|We don't bite newbies here... much|
Re^2: What does ">>" do? (And other stat questions)by three18ti (Scribe)
|on Nov 01, 2013 at 01:31 UTC||Need Help??|
> Sorry, you're asking too many questions at the same time to be easily answered in one thread.
I think I agree with you. When I started typing, I really only wanted to know what ">>" was. But as I was typing it became clear to me that I don't understand more than I initially though (or I understand less than I initially thought).
Apparently I'm lacking some fundamental knowledge which is hampering my understanding of stat on the whole.
> First step, plz try to read the docs and tell us what remains unclear: perldoc perlop
Thanks for this, there's usually a perldoc that I've overlooked
> (BTW: perlop is the second hit for perl binary operator )
Thanks for this. My search for "perl binary" was clearly insufficient. And the first hit 1 sort of explains bitwise operators. I think the examples are doing EXACTLY the same thing (albeit with values for text formatting and not file permissions, but I think the concept is the same). But here's where I'm stumped. How does 128 become 10000000 amd 16 become 00010000? Is that just the integer converted to a binary number? The "or" makes sense in this case. I think if we & 10000000 and 00010000 we would get 0110111, right? How would this apply to octal numbers?
> '&' is not a part of the word but a "binary and" operator. But I agree that the missing space doesn't improve readability.
Ok, cool. So we're doing some binary operation on an integer and an octal "07777"? right? I thought binary operations had to be performed on integers? (And why would binary operations on integers be performed as floating point integers? That's more curiosity and I don't think important to my comprehension of the topic)
I think I kinda get WHAT a bitwise shift is, e.g. "00000100 << 2" would be 00010000
In the context of my program, or any program, what does that signify and when/why would I want to do it?

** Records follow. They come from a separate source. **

lemma iota'_squared_le_on_Icc:
  assumes "0 \<le> x" "x \<le> R"
  shows "(iota' x)\<^sup>2 \<le> 4 * K\<^sup>2 * (y - 2) * gsq x * iota x"
proof -
  have gsq: "gsq x = zeta' x" "2 \<le> gsq x" using assms gsq_ge_2[OF assms(1)] by (auto simp: gsq_def)
  have "8 * K\<^sup>2 * (y - 2) * iota x = (4 * K\<^sup>2 * (y - 2) * iota x) * 2" by simp
  also have "\<dots> \<le> (4 * K\<^sup>2 * (y - 2) * iota x) * gsq x"
    using gsq(2) iota_nonneg[OF assms(1)] y_ge_2 by (intro mult_left_mono) auto
  finally have gsq_factor: "8 * K\<^sup>2 * (y - 2) * iota x \<le> 4 * K\<^sup>2 * (y - 2) * gsq x * iota x"
    by (simp add: ac_simps)
  consider "x \<le> 1" | "1 \<le> x" "x \<le> 3/2" | "3/2 \<le> x" "x \<le> 2" | "2 \<le> x" by linarith
  then have "(nu x)\<^sup>2 \<le> 4 * K\<^sup>2 * (y - 2) * gsq x * iota x"
  proof cases
    case 1
    then show ?thesis using nu_eq_0 gsq(2) iota_nonneg y_ge_2 assms by simp
  next
    case 2
    show ?thesis using nu_squared_le_cubic[OF 2] gsq_factor by linarith
  next
    case 3
    show ?thesis using nu_squared_le_transition[OF 3] gsq_factor by linarith
  next
    case 4
    then show ?thesis using nu_squared_le_power assms gsq(1) by simp
  qed
  then show ?thesis using iota'_eq_nu[OF assms] by simp
qed

lemma iota'_squared_le:
  assumes "0 \<le> x"
  shows "(iota' x)\<^sup>2 \<le> 4 * K\<^sup>2 * (y - 2) * gsq x * iota x"
proof (cases "x \<le> R")
  case False
  have "iota' x = iota' R" "gsq x = gsq R" using False by (auto simp: iota'_def gsq_def)
  moreover have "iota R \<le> iota x" using iota_mono[of R x] False R_gt_2 by simp
  moreover have "0 \<le> 4 * K\<^sup>2 * (y - 2) * gsq R" using gsq_ge_2[of R] R_gt_2 y_ge_2 by simp
  ultimately show ?thesis using iota'_squared_le_on_Icc[of R] R_gt_2
    by (smt (verit) mult_left_mono)
qed (use iota'_squared_le_on_Icc assms in simp)

section \<open>The square root of \<iota>\<close>

definition sqrt_iota' :: "real \<Rightarrow> real" where
  "sqrt_iota' x = (if 0 < iota x then iota' x / (2 * sqrt (iota x)) else 0)"

lemma sqrt_iota'_bounds:
  assumes "0 \<le> x"
  shows "0 \<le> sqrt_iota' x \<and> sqrt_iota' x \<le> K * sqrt (y - 2) * sqrt (gsq x)"
proof (cases "0 < iota x")
  case True
  have "iota' x = sqrt ((iota' x)\<^sup>2)" using iota'_nonneg[OF assms] by simp
  also have "\<dots> \<le> sqrt (4 * K\<^sup>2 * (y - 2) * gsq x * iota x)"
    using iota'_squared_le[OF assms] by (rule real_sqrt_le_mono)
  also have "\<dots> = (K * sqrt (y - 2) * sqrt (gsq x)) * (2 * sqrt (iota x))"
    using K_ge_24 by (simp add: real_sqrt_mult)
  finally show ?thesis
    using True iota'_nonneg[OF assms] by (simp add: sqrt_iota'_def divide_le_eq)
qed (use K_ge_24 y_ge_2 gsq_ge_2[OF assms] in \<open>simp add: sqrt_iota'_def\<close>)

lemma sqrt_iota'_le_near_1:
  assumes "0 \<le> s" "s \<le> 3/2"
  shows "sqrt_iota' s \<le> 40 * sqrt \<bar>s - 1\<bar>"
proof (cases "0 < iota s")
  case True
  then have "1 < s" using iota_eq_0[of s] assms by force
  define e b where "e = y - 2" and "b = s - 1"
  have e: "0 \<le> e" "e \<le> 1" and b: "0 < b" using y_ge_2 y_le_3 \<open>1 < s\<close> by (auto simp: e_def b_def)
  have "(iota' s)\<^sup>2 \<le> (80 * e * b\<^sup>2)\<^sup>2"
    using nu_upper_cubic[of s] iota'_eq_nu[of s] iota'_nonneg[of s] assms \<open>1 < s\<close> R_gt_2
    by (intro power_mono) (auto simp: e_def b_def)
  also have "\<dots> = 6400 * (e * b) * (e * b ^ 3)" by (simp add: power2_eq_square power3_eq_cube)
  also have "\<dots> \<le> 6400 * (1 * b) * iota s"
    using iota_lower_cubic[of s] assms \<open>1 < s\<close> e b
    by (intro mult_mono mult_left_mono) (auto simp: e_def b_def)
  finally have "(sqrt_iota' s)\<^sup>2 \<le> (40 * sqrt b)\<^sup>2"
    using True b by (simp add: sqrt_iota'_def power_divide divide_le_eq power_mult_distrib)
  then have "sqrt_iota' s \<le> 40 * sqrt b" by (rule power2_le_imp_le) (use b in simp)
  then show ?thesis using b by (simp add: b_def)
qed (simp add: sqrt_iota'_def)


lemma sqrt_iota_le_near_1:
  assumes "0 \<le> s" "s \<le> 3/2"
  shows "sqrt (iota s) \<le> 6 * sqrt \<bar>s - 1\<bar> * \<bar>s - 1\<bar>"
proof (cases "s \<le> 1")
  case False
  define b where "b = s - 1"
  have b: "0 < b" using False by (simp add: b_def)
  have "iota s \<le> 27 * (y - 2) * b ^ 3" using iota_upper_cubic[of s] False assms by (simp add: b_def)
  also have "\<dots> \<le> 36 * 1 * b ^ 3" using y_le_3 y_ge_2 b by (intro mult_right_mono mult_mono) auto
  also have "\<dots> = (6 * sqrt b * b)\<^sup>2" using b by (simp add: power2_eq_square power3_eq_cube)
  finally have "sqrt (iota s) \<le> sqrt ((6 * sqrt b * b)\<^sup>2)" by (rule real_sqrt_le_mono)
  then show ?thesis using b by (simp add: b_def)
qed (use iota_eq_0 assms in simp)

lemma eventually_near_1: "eventually (\<lambda>s. 0 \<le> s \<and> s \<le> 3/2) (at 1 within {0::real..})"
proof -
  have "eventually (\<lambda>s. s \<in> {..<3/2}) (nhds (1::real))" by (rule eventually_nhds_in_open) auto
  then show ?thesis unfolding eventually_at_filter by eventually_elim auto
qed

lemma eventually_iota_eq_0:
  assumes "0 \<le> x" "x \<noteq> 1" "iota x = 0"
  shows "eventually (\<lambda>s. iota s = 0) (at x within {0..})"
proof -
  have "x < 1 \<or> y = 2" using iota_pos[of x] assms y_ge_2 by force
  then show ?thesis
  proof
    assume "x < 1"
    have "eventually (\<lambda>s. s \<in> {..<1}) (nhds x)" using \<open>x < 1\<close> by (intro eventually_nhds_in_open) auto
    then show ?thesis unfolding eventually_at_filter by eventually_elim (auto intro: iota_eq_0)
  next
    assume "y = 2"
    then have "\<forall>s\<ge>0. iota s = 0" using iota_eq_0 by blast
    then show ?thesis by (auto simp: eventually_at_filter intro: always_eventually)
  qed
qed

lemma has_real_derivative_sqrt_iota:
  assumes "0 \<le> x"
  shows "((\<lambda>s. sqrt (iota s)) has_real_derivative sqrt_iota' x) (at x within {0..})"
proof -
  consider "0 < iota x" | "iota x = 0" "x = 1" | "iota x = 0" "x \<noteq> 1"
    using iota_nonneg[OF assms] by force
  then show ?thesis
  proof cases
    case 1
    then have "0 < x" using iota_eq_0[of x] assms by force
    have "((\<lambda>s. sqrt (iota s)) has_real_derivative inverse (sqrt (iota x)) / 2 * iota' x) (at x)"
      by (rule DERIV_chain2[OF DERIV_real_sqrt[OF 1] has_real_derivative_iota_at[OF \<open>0 < x\<close>]])
    then show ?thesis
      using 1 by (simp add: sqrt_iota'_def field_simps has_field_derivative_at_within)
  next
    case 2
    have "eventually (\<lambda>s. \<bar>sqrt (iota s)\<bar> \<le> 6 * sqrt \<bar>s - 1\<bar> * \<bar>s - 1\<bar>) (at 1 within {0..})"
      using eventually_near_1 by eventually_elim (use sqrt_iota_le_near_1 iota_nonneg in auto)
    moreover have "((\<lambda>s. 6 * sqrt \<bar>s - 1\<bar>) \<longlongrightarrow> 0) (at 1 within {0..})"
      by (auto intro!: tendsto_eq_intros)
    ultimately have "((\<lambda>s. sqrt (iota s)) has_real_derivative 0) (at 1 within {0..})"
      using iota_eq_0[of 1] by (intro has_real_derivative_zero_if_small) auto
    then show ?thesis using 2 by (simp add: sqrt_iota'_def)
  next
    case 3
    have "eventually (\<lambda>s. \<bar>sqrt (iota s)\<bar> \<le> 0 * \<bar>s - x\<bar>) (at x within {0..})"
      using eventually_iota_eq_0[OF assms 3(2,1)] by eventually_elim simp
    from has_real_derivative_zero_if_small[OF _ this tendsto_const] show ?thesis
      using 3 by (simp add: sqrt_iota'_def)
  qed
qed

lemma continuous_on_sqrt_iota': "continuous_on {0..} sqrt_iota'"
  unfolding continuous_on_eq_continuous_within
proof
  fix x :: real assume "x \<in> {0..}"
  then have x: "0 \<le> x" by simp
  consider "0 < iota x" | "iota x = 0" "x = 1" | "iota x = 0" "x \<noteq> 1"
    using iota_nonneg[OF x] by force
  then show "continuous (at x within {0..}) sqrt_iota'"
  proof cases
    case 1
    have "1 < x" using iota_eq_0[of x] x 1 by (cases "x \<le> 1") auto
    have "2 < y" using iota_eq_0[of x] x 1 y_ge_2 by (cases "y = 2") auto
    have "isCont (\<lambda>s. iota' s / (2 * sqrt (iota s))) x"
    proof (intro continuous_intros)
      show "isCont iota' x" using continuous_on_interior[OF continuous_on_iota', of x] \<open>1 < x\<close> by simp
      show "isCont iota x" using DERIV_isCont[OF has_real_derivative_iota_at[of x]] \<open>1 < x\<close> by simp
    qed (use 1 in simp)
    moreover have "eventually (\<lambda>s. s \<in> {1<..}) (nhds x)"
      using \<open>1 < x\<close> by (intro eventually_nhds_in_open) auto
    then have "eventually (\<lambda>s. sqrt_iota' s = iota' s / (2 * sqrt (iota s))) (nhds x)"
      by eventually_elim (use iota_pos[OF \<open>2 < y\<close>] in \<open>auto simp: sqrt_iota'_def\<close>)
    ultimately have "isCont sqrt_iota' x" by (simp add: isCont_cong)
    then show ?thesis by (rule continuous_at_imp_continuous_within)
  next
    case 2
    have "eventually (\<lambda>s. norm (sqrt_iota' s) \<le> 40 * sqrt \<bar>s - 1\<bar>) (at 1 within {0..})"
      using eventually_near_1 by eventually_elim (use sqrt_iota'_le_near_1 sqrt_iota'_bounds in auto)
    moreover have "((\<lambda>s. 40 * sqrt \<bar>s - 1\<bar>) \<longlongrightarrow> 0) (at 1 within {0..})"
      by (auto intro!: tendsto_eq_intros)
    ultimately have "(sqrt_iota' \<longlongrightarrow> 0) (at 1 within {0..})" by (rule Lim_null_comparison)
    then show ?thesis using 2 by (simp add: continuous_within sqrt_iota'_def)
  next
    case 3
    have "eventually (\<lambda>s. sqrt_iota' s = 0) (at x within {0..})"
      using eventually_iota_eq_0[OF x 3(2,1)] by eventually_elim (simp add: sqrt_iota'_def)
    then show ?thesis using 3 by (simp add: continuous_within sqrt_iota'_def tendsto_eventually)
  qed
qed

lemma sqrt_iota_le_rho:
  assumes "0 \<le> x"
  shows "sqrt (iota x) \<le> K * sqrt (y - 2) * rho x"
proof -
  have "sqrt (iota x) - sqrt (iota 0) \<le> K * sqrt (y - 2) * rho x - K * sqrt (y - 2) * rho 0"
  proof (rule DERIV_le_imp_increment_le[OF assms, where f' = sqrt_iota' and g' = "\<lambda>s. K * sqrt (y - 2) * sqrt (gsq s)"])
    show "continuous_on {0..x} (\<lambda>s. sqrt (iota s))"
      by (intro continuous_intros continuous_on_iota_Icc) simp
    have "continuous_on {0..} rho" using has_real_derivative_rho by (rule DERIV_continuous_on) simp
    then have "continuous_on {0..x} rho" by (rule continuous_on_subset) auto
    then show "continuous_on {0..x} (\<lambda>s. K * sqrt (y - 2) * rho s)" by (intro continuous_intros)
  next
    fix t :: real assume t: "0 < t" "t < x"
    show "((\<lambda>s. sqrt (iota s)) has_real_derivative sqrt_iota' t) (at t)"
      using has_real_derivative_sqrt_iota[of t] t by (simp add: at_within_Ici_eq_at)
    show "((\<lambda>s. K * sqrt (y - 2) * rho s) has_real_derivative K * sqrt (y - 2) * sqrt (gsq t)) (at t)"
      using has_real_derivative_rho[of t] t by (intro DERIV_cmult) (simp add: at_within_Ici_eq_at)
    show "sqrt_iota' t \<le> K * sqrt (y - 2) * sqrt (gsq t)"
      using sqrt_iota'_bounds[of t] t by simp
  qed
  then show ?thesis using iota_0 by (simp add: rho_def)
qed

lemma sqrt_iotaR_estimates:
  "\<exists>D. continuous_on {0..} D
     \<and> (\<forall>x\<ge>0. ((\<lambda>s. sqrt (iotaR xi R s y)) has_real_derivative D x) (at x within {0..}))
     \<and> (\<forall>x\<ge>0. 0 \<le> D x \<and> D x \<le> K * sqrt (y - 2) * gR xi R x y
              \<and> 0 \<le> sqrt (iotaR xi R x y)
              \<and> sqrt (iotaR xi R x y) \<le> K * sqrt (y - 2) * rhoR xi R x y)"
proof (intro exI[of _ sqrt_iota'] conjI allI impI continuous_on_sqrt_iota')
  fix x :: real assume x: "0 \<le> x"
  show "((\<lambda>s. sqrt (iotaR xi R s y)) has_real_derivative sqrt_iota' x) (at x within {0..})"
    by (rule has_field_derivative_transform_within[OF has_real_derivative_sqrt_iota[OF x], where d = 1])
       (use x in \<open>auto simp: iotaR_eq\<close>)
  show "0 \<le> sqrt_iota' x" "sqrt_iota' x \<le> K * sqrt (y - 2) * gR xi R x y"
    using sqrt_iota'_bounds[OF x] gR_eq[OF x] by simp_all
  show "0 \<le> sqrt (iotaR xi R x y)" "sqrt (iotaR xi R x y) \<le> K * sqrt (y - 2) * rhoR xi R x y"
    using iota_nonneg[OF x] sqrt_iota_le_rho[OF x] iotaR_eq[OF x] rhoR_eq[OF x] by simp_all
qed

end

> Do you know how file-permissions are managed in unix-like systems?
After this thread, and speaking as an experienced Unix/Linux SysAdmin: apparently not...
In a nutshell, the permissions are represented as one digit in a three digit octal number. E.g. 0555 (chmod assumes octal so the 0 is often omitted) would be read and execute permissions for user, group, and other. likewise 0777 is the TRUE mark of the beast as it gives read, write, and execute permissions to everyone (and often "nobody" or "www-data"...)
Ok... so. if 4 is represented in binary as 100, 2 is 010, and 1 is 001, and you "or" 4 and 2 together:
Which is 6
HOLY CRAP I think it makes sense all of a sudden... And that answers my question about octal numbers, just like regular integers, they're just converted by decimal place? (well... kinda 0111 would be 001001001 right?)
So WTF is the deal with with "&07777"
if we're "and"ing I know that and returns the values that are the same... how does this help me? since 07777 is 111111111111 right? What practical implications does this have?
Literal octal numbers start with a 0 followed by octal digits. see perlnumber
Oh. An octal number IS an integer. Ok, that answers my question about bitwise operators.
> see also oct for a discussion of your code
That's a little bit cleaner. Is there a good way to compare octal numbers? (googling "perl compare octal values" returned your link and some really old links. none of which say you should compare them as strings (with "eq") or as integers. Some experimenting seems to indicate that perl can compare them as numbers, since they are...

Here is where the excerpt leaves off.